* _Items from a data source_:
┌──

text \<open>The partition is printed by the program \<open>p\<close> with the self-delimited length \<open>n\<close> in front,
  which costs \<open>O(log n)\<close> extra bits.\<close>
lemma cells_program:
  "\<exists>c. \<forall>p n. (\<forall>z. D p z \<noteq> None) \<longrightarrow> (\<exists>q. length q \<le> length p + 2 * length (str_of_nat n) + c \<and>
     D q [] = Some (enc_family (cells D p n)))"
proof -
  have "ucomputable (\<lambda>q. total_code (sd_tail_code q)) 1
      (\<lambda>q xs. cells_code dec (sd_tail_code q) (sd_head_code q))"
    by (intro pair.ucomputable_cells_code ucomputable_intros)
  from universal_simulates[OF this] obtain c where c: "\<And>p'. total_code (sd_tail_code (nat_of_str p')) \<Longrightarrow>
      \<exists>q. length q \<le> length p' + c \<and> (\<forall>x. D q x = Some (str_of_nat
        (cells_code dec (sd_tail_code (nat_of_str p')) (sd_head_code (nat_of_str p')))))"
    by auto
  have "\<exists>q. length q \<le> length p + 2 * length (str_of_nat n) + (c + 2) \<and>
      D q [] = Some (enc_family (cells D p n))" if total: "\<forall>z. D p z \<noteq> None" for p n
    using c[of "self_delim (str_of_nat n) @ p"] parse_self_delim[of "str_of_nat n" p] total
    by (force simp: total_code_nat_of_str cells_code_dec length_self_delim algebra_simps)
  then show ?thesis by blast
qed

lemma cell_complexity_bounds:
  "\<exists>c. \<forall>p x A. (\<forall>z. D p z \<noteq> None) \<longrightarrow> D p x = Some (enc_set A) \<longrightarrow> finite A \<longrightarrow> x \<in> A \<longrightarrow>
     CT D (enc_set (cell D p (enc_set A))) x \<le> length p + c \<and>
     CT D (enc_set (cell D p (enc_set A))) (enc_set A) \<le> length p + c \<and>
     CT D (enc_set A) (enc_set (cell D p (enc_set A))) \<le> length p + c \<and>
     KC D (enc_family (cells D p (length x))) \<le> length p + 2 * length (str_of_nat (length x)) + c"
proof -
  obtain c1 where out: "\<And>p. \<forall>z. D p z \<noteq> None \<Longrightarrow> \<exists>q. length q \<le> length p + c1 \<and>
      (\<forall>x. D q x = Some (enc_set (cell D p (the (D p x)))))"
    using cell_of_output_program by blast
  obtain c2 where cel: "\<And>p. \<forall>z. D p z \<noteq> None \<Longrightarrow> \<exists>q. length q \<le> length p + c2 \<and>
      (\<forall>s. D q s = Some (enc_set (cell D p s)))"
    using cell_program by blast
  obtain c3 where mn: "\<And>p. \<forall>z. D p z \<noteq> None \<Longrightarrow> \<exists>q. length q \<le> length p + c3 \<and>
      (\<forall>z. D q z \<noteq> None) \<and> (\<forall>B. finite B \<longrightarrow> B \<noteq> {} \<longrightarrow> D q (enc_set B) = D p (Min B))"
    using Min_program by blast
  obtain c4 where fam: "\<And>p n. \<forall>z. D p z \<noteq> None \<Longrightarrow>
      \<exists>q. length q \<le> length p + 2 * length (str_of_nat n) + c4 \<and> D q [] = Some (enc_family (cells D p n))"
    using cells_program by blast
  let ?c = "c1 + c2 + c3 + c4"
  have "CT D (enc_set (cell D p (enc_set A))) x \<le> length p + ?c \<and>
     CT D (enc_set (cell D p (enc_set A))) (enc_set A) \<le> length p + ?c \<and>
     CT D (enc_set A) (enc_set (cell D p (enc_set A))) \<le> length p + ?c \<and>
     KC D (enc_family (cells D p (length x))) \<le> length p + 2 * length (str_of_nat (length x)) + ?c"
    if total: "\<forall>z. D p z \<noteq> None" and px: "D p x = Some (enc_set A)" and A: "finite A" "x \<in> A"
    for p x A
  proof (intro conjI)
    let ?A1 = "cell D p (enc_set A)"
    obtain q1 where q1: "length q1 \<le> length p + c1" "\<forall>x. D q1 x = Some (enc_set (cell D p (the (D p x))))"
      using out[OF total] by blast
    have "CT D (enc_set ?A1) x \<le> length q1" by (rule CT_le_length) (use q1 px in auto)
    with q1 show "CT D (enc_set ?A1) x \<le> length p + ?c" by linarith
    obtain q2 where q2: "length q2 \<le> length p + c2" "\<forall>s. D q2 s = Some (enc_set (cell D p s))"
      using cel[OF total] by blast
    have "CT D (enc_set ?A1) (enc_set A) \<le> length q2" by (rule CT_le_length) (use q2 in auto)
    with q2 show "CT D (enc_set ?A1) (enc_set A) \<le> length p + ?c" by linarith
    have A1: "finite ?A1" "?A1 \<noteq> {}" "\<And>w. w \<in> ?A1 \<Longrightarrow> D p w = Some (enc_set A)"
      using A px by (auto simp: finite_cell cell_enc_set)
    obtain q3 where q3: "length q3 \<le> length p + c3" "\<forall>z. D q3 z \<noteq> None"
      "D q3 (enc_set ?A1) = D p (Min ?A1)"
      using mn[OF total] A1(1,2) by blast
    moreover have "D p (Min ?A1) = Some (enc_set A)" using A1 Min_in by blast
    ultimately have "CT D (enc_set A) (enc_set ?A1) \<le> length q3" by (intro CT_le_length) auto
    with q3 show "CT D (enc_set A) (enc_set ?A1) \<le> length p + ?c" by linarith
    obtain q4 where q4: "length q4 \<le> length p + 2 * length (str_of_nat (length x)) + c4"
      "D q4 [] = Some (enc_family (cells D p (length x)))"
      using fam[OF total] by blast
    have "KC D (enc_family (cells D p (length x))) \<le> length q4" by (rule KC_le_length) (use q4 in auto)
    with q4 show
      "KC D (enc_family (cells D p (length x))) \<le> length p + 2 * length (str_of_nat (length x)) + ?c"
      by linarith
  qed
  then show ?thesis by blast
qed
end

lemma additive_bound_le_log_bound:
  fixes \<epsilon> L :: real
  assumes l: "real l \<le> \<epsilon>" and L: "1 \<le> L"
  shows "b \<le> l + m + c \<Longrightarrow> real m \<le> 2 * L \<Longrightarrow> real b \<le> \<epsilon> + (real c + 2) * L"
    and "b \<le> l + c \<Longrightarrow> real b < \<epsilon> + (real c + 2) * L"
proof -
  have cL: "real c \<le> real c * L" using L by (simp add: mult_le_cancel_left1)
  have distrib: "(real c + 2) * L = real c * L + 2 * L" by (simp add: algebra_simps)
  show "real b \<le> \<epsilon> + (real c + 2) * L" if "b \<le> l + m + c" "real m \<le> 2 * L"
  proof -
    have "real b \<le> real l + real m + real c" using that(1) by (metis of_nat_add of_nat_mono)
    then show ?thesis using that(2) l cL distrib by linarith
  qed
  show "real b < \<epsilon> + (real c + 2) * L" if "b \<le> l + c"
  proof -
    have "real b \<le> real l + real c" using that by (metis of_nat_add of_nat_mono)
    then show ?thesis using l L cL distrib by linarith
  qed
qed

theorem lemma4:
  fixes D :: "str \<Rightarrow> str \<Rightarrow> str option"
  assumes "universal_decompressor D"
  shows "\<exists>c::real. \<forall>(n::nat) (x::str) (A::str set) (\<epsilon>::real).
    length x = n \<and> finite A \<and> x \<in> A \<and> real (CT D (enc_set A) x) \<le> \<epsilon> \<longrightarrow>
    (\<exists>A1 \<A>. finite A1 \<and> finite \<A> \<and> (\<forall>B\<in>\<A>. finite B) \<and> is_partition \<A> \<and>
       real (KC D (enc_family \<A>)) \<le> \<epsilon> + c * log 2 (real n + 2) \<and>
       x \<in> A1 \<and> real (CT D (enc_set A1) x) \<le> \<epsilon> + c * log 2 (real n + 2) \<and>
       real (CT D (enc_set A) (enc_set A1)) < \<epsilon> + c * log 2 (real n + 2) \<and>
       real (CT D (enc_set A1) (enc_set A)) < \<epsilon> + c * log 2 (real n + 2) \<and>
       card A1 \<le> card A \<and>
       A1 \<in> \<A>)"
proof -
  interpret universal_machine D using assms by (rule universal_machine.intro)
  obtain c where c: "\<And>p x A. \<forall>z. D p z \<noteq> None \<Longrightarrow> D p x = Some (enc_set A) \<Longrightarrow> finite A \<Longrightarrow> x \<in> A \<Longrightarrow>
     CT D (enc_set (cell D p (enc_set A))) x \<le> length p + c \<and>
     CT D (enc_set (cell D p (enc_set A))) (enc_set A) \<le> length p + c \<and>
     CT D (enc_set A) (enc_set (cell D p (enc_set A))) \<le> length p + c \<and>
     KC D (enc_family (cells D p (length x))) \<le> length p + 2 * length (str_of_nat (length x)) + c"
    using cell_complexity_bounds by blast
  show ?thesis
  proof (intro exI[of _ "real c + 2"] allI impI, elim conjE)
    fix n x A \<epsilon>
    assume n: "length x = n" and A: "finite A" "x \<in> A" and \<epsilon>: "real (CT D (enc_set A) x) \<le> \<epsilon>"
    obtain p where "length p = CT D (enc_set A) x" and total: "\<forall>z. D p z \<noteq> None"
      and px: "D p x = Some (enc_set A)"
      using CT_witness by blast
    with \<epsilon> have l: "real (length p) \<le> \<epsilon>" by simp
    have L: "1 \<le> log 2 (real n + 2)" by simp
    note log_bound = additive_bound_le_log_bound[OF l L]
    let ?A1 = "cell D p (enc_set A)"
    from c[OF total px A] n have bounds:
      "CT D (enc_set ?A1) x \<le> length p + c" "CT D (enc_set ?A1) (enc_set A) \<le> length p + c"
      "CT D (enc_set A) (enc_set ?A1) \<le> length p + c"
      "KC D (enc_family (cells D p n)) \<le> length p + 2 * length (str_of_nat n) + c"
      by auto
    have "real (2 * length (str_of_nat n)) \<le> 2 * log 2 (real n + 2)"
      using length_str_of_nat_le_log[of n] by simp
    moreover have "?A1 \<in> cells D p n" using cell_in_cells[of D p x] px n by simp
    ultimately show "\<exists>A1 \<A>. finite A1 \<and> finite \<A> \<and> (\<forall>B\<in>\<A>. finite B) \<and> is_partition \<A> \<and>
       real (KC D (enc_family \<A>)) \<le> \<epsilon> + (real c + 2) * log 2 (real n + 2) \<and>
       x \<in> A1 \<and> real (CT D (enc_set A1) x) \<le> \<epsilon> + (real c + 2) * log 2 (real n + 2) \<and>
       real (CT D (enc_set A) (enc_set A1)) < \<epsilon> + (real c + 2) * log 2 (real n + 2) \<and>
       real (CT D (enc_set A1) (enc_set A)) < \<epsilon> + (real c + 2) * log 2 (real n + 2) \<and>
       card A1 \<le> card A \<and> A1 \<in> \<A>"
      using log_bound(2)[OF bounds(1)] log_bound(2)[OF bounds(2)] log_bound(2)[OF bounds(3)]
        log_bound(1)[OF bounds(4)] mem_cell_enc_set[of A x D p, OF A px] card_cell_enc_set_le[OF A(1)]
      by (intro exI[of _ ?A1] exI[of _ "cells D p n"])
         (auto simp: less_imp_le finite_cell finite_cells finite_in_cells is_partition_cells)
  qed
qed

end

└──

* _ASSIGNMENT_:
All that is needed is the exact run of lines above from the line containing "x A. \<forall>z." through the line containing "from c[OF total", both of them included.

* _RESULT OF THIS EXERCISE_:
  obtain c where c: "\<And>p x A. \<forall>z. D p z \<noteq> None \<Longrightarrow> D p x = Some (enc_set A) \<Longrightarrow> finite A \<Longrightarrow> x \<in> A \<Longrightarrow>
     CT D (enc_set (cell D p (enc_set A))) x \<le> length p + c \<and>
     CT D (enc_set (cell D p (enc_set A))) (enc_set A) \<le> length p + c \<and>
     CT D (enc_set A) (enc_set (cell D p (enc_set A))) \<le> length p + c \<and>
     KC D (enc_family (cells D p (length x))) \<le> length p + 2 * length (str_of_nat (length x)) + c"
    using cell_complexity_bounds by blast
  show ?thesis
  proof (intro exI[of _ "real c + 2"] allI impI, elim conjE)
    fix n x A \<epsilon>
    assume n: "length x = n" and A: "finite A" "x \<in> A" and \<epsilon>: "real (CT D (enc_set A) x) \<le> \<epsilon>"
    obtain p where "length p = CT D (enc_set A) x" and total: "\<forall>z. D p z \<noteq> None"
      and px: "D p x = Some (enc_set A)"
      using CT_witness by blast
    with \<epsilon> have l: "real (length p) \<le> \<epsilon>" by simp
    have L: "1 \<le> log 2 (real n + 2)" by simp
    note log_bound = additive_bound_le_log_bound[OF l L]
    let ?A1 = "cell D p (enc_set A)"
    from c[OF total px A] n have bounds:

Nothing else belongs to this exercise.